# Problem statement
Keep only the lines of the material below that contain the word "assumes". Copy those lines.

----------------

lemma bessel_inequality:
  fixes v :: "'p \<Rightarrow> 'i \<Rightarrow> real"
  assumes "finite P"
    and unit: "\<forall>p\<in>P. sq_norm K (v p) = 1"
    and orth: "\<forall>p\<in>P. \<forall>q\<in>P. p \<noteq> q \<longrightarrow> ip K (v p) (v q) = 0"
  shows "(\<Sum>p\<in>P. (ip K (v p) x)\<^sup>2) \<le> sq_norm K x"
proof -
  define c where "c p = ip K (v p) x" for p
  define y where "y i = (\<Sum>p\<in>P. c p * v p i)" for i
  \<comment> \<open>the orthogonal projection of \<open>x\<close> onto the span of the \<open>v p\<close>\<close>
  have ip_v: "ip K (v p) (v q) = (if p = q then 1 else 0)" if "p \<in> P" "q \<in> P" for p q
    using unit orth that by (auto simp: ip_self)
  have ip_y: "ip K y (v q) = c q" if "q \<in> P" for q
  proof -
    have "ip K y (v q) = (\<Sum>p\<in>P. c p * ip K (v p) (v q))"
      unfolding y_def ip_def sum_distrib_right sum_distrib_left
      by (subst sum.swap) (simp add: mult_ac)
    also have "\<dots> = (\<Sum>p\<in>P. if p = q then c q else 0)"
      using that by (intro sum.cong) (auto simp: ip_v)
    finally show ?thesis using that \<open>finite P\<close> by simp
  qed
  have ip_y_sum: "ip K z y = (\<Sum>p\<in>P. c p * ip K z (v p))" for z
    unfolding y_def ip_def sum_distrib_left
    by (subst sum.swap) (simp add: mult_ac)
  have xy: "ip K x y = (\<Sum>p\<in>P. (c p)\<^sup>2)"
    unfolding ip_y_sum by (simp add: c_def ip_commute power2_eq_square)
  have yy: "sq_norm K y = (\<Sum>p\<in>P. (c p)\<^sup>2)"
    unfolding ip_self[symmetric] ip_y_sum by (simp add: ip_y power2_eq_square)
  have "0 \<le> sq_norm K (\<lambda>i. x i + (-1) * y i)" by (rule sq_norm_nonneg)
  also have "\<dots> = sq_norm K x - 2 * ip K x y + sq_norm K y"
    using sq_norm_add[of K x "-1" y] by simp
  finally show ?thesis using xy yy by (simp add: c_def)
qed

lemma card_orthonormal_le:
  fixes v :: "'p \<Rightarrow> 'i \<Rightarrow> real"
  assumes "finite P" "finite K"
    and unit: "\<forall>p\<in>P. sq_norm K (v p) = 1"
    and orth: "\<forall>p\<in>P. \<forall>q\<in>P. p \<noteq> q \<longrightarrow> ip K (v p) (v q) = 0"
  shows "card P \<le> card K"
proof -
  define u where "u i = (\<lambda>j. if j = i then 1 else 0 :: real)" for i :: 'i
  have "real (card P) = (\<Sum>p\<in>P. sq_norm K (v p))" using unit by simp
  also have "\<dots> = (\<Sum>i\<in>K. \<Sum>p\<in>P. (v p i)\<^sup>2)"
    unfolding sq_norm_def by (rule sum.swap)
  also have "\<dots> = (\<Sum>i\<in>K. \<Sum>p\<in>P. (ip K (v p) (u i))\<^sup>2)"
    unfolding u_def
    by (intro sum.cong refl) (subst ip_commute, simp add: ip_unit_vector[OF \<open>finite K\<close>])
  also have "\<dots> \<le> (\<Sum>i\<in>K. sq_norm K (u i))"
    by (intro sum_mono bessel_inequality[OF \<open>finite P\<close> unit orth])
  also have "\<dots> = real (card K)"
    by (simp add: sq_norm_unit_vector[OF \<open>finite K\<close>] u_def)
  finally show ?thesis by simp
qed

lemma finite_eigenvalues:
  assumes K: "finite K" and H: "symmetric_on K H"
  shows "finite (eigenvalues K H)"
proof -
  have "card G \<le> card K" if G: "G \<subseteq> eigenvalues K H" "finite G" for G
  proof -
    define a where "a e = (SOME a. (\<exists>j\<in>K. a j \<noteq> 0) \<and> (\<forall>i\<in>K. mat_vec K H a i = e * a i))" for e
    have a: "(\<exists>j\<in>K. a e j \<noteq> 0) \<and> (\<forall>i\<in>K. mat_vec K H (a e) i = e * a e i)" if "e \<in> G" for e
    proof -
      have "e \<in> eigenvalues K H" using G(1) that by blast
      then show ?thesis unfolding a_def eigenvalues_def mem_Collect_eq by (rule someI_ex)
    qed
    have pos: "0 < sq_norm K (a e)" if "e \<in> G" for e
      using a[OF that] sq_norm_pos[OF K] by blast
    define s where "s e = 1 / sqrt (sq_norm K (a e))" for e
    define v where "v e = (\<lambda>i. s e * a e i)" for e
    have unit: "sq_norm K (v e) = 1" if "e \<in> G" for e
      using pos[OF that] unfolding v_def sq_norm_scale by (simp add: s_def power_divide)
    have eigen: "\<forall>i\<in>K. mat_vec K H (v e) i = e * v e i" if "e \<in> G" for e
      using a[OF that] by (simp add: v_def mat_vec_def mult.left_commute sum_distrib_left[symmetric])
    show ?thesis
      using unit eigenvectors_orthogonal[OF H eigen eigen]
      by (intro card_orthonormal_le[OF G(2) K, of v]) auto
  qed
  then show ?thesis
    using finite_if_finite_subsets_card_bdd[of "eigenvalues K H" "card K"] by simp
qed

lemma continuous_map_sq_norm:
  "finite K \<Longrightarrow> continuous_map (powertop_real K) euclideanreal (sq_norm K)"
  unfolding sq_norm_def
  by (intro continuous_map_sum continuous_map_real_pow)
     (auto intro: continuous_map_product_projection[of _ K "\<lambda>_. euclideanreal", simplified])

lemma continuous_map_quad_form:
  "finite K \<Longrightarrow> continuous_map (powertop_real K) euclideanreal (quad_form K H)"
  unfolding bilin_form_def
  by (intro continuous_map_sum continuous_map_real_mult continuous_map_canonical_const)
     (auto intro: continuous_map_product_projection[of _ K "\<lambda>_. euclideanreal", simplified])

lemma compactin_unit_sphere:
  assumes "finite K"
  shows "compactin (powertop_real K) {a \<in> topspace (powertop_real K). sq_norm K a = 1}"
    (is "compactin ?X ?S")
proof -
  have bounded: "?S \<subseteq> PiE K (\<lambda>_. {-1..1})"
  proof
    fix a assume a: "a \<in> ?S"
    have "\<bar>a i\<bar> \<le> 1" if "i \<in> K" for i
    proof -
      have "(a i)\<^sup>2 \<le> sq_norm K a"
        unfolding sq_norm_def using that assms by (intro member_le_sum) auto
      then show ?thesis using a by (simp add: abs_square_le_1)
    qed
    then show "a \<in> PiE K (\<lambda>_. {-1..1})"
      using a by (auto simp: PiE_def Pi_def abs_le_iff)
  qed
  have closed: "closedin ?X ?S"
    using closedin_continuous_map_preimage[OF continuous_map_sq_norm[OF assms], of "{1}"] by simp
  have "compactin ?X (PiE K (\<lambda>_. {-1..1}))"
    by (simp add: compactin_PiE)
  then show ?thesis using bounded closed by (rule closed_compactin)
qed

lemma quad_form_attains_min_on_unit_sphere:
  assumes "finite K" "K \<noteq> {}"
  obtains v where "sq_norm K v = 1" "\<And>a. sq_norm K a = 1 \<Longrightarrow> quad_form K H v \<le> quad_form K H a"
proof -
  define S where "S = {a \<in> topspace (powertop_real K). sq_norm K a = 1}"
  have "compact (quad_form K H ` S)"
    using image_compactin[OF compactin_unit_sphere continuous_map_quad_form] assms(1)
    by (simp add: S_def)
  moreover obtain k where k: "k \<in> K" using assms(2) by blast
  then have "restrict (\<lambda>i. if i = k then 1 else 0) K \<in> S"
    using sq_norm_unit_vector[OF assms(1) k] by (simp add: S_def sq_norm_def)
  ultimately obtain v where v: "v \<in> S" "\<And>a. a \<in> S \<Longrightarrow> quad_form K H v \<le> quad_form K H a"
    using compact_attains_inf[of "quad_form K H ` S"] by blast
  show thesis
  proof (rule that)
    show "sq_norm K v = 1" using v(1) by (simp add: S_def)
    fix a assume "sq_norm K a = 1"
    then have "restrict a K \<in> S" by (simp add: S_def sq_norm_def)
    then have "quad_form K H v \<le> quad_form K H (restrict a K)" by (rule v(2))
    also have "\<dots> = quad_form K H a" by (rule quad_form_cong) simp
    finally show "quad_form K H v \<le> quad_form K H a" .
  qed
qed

----------------

# Answer space
  assumes "finite P"
  assumes "finite P" "finite K"
  assumes K: "finite K" and H: "symmetric_on K H"
  assumes "finite K"
  assumes "finite K" "K \<noteq> {}"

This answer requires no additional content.